-- Work item --
Where the records below have a line with "imports", that line is to be copied.

-- Supplied material --
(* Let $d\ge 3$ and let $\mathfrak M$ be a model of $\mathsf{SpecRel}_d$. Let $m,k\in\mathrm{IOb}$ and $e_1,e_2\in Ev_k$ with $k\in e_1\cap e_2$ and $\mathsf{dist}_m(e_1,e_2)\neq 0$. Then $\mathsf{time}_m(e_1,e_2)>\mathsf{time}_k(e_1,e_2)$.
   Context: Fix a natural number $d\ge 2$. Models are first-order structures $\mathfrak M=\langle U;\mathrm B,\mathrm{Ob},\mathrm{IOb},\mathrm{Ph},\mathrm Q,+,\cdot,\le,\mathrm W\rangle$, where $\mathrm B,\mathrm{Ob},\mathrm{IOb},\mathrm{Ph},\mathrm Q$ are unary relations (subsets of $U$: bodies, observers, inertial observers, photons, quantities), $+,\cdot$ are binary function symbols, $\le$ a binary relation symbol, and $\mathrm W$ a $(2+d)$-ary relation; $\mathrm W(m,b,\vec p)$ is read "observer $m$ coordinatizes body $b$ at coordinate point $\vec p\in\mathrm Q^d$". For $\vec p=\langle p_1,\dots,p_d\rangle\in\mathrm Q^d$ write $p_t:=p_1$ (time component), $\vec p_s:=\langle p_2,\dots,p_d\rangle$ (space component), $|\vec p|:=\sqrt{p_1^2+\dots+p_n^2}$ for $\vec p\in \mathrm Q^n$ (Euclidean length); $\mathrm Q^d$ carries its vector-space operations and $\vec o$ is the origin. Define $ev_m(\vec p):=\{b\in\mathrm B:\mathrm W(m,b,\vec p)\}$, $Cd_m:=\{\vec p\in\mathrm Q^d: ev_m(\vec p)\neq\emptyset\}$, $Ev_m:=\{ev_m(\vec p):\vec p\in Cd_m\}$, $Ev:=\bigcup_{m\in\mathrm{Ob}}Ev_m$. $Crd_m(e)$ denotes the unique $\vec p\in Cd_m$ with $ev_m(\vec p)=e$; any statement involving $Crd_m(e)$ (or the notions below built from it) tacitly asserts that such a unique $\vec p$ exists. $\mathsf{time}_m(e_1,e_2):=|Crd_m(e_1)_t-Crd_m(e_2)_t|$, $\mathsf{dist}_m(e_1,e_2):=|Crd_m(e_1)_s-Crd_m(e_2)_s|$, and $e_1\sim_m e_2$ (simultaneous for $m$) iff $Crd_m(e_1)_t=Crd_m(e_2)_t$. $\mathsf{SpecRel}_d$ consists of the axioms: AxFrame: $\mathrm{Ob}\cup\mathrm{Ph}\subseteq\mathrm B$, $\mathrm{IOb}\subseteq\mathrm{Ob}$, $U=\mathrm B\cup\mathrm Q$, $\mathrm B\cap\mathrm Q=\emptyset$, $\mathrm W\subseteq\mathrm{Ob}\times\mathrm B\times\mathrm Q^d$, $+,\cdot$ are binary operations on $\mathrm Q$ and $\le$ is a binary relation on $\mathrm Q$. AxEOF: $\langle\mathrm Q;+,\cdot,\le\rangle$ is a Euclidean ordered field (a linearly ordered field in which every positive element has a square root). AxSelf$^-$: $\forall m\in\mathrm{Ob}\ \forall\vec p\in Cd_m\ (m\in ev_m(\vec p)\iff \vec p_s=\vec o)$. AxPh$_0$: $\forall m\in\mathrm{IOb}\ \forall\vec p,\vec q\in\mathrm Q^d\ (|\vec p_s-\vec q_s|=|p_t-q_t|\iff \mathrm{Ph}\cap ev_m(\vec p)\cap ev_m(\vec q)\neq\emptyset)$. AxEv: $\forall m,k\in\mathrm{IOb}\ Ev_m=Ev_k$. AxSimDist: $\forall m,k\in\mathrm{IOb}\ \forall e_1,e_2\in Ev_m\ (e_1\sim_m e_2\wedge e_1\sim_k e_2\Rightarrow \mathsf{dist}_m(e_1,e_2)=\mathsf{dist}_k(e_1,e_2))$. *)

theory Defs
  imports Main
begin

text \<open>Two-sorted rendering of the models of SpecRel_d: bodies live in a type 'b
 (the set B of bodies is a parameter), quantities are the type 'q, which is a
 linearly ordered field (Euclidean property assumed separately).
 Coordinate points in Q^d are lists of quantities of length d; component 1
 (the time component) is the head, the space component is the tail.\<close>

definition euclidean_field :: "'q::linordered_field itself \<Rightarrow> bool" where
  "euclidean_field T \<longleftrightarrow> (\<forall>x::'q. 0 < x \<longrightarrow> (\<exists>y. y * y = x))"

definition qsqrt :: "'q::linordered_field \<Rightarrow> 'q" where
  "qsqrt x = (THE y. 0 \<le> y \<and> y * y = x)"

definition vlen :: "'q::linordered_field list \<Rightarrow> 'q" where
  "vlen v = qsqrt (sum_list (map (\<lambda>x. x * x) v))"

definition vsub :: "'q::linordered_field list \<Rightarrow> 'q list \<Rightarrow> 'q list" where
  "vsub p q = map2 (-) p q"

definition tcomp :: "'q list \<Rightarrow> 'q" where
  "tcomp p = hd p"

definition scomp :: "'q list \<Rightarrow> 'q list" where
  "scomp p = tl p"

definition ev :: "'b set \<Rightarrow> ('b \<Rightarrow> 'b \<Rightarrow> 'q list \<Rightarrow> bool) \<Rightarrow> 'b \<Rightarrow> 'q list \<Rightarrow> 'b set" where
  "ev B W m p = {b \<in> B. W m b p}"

==

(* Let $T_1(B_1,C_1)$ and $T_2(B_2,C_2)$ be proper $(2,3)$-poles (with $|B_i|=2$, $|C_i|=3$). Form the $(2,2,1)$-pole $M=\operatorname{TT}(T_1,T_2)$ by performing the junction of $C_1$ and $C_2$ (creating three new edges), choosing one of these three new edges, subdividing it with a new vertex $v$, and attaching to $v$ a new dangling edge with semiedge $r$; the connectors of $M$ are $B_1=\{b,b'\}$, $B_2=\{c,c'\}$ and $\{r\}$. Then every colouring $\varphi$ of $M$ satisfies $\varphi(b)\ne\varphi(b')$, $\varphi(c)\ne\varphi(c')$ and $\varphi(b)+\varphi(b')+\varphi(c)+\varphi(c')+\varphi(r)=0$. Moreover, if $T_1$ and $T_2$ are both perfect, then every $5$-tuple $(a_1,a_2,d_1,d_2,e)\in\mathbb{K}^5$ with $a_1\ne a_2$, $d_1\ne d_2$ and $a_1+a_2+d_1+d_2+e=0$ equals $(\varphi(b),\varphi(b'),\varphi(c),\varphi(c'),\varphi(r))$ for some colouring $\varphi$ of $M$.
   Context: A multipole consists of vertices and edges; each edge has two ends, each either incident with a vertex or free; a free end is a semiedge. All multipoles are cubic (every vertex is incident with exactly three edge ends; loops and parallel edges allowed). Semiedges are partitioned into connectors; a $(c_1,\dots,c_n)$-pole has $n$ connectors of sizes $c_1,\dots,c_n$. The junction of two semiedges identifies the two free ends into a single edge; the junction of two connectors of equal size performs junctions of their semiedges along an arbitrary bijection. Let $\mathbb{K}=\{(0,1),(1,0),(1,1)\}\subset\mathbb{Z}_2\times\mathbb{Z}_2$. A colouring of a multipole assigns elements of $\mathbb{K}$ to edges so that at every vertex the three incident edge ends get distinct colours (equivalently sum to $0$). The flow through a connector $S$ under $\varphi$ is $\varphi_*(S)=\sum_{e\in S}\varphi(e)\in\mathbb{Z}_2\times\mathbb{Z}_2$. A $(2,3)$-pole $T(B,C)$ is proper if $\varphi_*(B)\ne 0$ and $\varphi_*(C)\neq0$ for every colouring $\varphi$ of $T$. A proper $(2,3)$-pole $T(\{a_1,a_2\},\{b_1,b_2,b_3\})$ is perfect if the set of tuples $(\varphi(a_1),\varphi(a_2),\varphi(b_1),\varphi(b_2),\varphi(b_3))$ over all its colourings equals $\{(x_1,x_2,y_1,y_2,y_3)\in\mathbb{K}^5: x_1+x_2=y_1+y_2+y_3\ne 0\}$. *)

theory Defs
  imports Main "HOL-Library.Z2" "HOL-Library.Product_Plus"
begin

* * *

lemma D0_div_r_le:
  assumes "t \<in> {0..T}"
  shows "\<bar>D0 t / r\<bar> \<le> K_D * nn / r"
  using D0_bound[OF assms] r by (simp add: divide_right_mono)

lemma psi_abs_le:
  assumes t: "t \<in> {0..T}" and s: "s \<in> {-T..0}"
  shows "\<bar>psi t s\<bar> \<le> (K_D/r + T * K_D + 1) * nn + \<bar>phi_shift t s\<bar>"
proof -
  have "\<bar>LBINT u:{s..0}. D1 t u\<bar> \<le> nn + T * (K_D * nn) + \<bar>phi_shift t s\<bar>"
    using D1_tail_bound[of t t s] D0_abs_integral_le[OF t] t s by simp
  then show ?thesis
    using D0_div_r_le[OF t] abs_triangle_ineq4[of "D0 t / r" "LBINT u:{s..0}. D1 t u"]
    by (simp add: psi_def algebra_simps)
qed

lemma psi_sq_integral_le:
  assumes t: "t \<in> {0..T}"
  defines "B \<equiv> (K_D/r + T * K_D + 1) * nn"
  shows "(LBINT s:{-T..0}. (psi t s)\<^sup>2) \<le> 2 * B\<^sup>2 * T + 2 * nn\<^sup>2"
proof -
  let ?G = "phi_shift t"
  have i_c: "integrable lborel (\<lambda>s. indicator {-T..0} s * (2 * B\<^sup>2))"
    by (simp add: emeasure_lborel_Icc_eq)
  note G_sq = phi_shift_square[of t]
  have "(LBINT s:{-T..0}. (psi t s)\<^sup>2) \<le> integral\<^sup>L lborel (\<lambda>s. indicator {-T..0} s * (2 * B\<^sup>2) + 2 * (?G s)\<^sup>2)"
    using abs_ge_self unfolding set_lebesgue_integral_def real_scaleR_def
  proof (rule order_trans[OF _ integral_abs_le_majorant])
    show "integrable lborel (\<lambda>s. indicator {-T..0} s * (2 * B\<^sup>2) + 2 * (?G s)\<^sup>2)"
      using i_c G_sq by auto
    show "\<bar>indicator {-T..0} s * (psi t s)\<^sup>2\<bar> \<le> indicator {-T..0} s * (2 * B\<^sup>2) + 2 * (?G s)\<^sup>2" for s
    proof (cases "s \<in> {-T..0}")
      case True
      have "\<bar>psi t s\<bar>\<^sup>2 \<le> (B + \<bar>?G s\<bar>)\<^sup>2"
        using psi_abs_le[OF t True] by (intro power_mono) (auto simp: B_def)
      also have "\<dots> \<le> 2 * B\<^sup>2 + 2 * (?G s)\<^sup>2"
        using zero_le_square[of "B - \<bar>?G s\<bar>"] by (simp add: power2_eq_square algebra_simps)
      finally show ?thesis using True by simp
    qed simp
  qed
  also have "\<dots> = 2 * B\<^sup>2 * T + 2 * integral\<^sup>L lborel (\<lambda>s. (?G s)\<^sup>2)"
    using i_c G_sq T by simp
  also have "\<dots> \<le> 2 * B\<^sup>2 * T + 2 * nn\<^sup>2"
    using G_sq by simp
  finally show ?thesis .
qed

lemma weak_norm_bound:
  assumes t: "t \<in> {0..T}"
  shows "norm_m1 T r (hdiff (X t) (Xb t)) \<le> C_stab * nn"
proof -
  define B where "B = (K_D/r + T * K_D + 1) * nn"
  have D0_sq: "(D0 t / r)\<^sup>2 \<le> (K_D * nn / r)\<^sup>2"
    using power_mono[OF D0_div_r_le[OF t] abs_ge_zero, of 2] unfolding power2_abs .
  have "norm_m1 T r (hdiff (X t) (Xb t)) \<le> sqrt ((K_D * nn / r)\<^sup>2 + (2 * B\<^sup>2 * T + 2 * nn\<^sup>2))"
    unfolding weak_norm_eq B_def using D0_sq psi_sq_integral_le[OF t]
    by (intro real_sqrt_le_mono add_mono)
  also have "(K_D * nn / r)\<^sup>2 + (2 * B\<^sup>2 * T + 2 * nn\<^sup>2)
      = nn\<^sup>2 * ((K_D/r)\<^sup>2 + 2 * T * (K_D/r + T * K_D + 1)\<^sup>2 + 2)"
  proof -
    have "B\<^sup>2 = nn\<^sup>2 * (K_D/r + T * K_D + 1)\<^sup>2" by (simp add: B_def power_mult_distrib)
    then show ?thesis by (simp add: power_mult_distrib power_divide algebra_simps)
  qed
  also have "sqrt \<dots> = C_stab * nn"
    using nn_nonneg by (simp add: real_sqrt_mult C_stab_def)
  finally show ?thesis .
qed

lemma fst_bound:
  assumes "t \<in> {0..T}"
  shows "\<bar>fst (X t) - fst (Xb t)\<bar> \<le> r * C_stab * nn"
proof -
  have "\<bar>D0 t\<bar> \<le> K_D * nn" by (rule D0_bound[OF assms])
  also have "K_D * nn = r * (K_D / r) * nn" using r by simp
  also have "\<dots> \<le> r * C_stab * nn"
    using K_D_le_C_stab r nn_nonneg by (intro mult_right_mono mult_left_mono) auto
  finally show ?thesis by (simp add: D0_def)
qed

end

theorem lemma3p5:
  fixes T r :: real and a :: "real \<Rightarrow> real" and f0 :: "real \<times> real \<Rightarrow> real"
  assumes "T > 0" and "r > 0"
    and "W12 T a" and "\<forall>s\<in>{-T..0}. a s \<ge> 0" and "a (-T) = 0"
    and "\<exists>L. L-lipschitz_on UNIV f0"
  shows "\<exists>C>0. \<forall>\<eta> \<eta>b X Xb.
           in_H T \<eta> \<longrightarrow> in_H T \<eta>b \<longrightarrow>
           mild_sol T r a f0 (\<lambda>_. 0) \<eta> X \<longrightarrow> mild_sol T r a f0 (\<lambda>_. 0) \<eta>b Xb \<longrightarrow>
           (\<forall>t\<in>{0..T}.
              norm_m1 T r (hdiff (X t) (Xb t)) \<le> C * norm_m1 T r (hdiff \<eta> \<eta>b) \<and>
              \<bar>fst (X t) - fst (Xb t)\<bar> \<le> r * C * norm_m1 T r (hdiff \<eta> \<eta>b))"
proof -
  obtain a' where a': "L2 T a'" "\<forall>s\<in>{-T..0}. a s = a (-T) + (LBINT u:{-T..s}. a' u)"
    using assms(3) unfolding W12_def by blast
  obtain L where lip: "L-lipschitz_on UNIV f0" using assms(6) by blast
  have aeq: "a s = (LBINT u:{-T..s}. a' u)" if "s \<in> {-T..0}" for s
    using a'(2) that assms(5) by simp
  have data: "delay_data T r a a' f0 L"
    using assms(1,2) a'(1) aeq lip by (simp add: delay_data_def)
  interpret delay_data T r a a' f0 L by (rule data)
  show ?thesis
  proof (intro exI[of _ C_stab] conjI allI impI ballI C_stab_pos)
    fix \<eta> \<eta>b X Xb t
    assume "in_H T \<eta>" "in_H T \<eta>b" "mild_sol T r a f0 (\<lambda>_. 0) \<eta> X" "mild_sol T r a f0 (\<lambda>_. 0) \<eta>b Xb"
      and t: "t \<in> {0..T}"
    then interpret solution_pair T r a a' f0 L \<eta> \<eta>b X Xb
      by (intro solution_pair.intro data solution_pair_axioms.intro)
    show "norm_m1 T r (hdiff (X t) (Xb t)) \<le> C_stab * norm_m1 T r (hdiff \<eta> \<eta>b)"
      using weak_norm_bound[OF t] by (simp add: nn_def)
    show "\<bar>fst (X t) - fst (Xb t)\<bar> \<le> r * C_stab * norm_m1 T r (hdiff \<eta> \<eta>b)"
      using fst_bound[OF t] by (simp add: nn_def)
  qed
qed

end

-- Result --
  imports Main
  imports Main "HOL-Library.Z2" "HOL-Library.Product_Plus"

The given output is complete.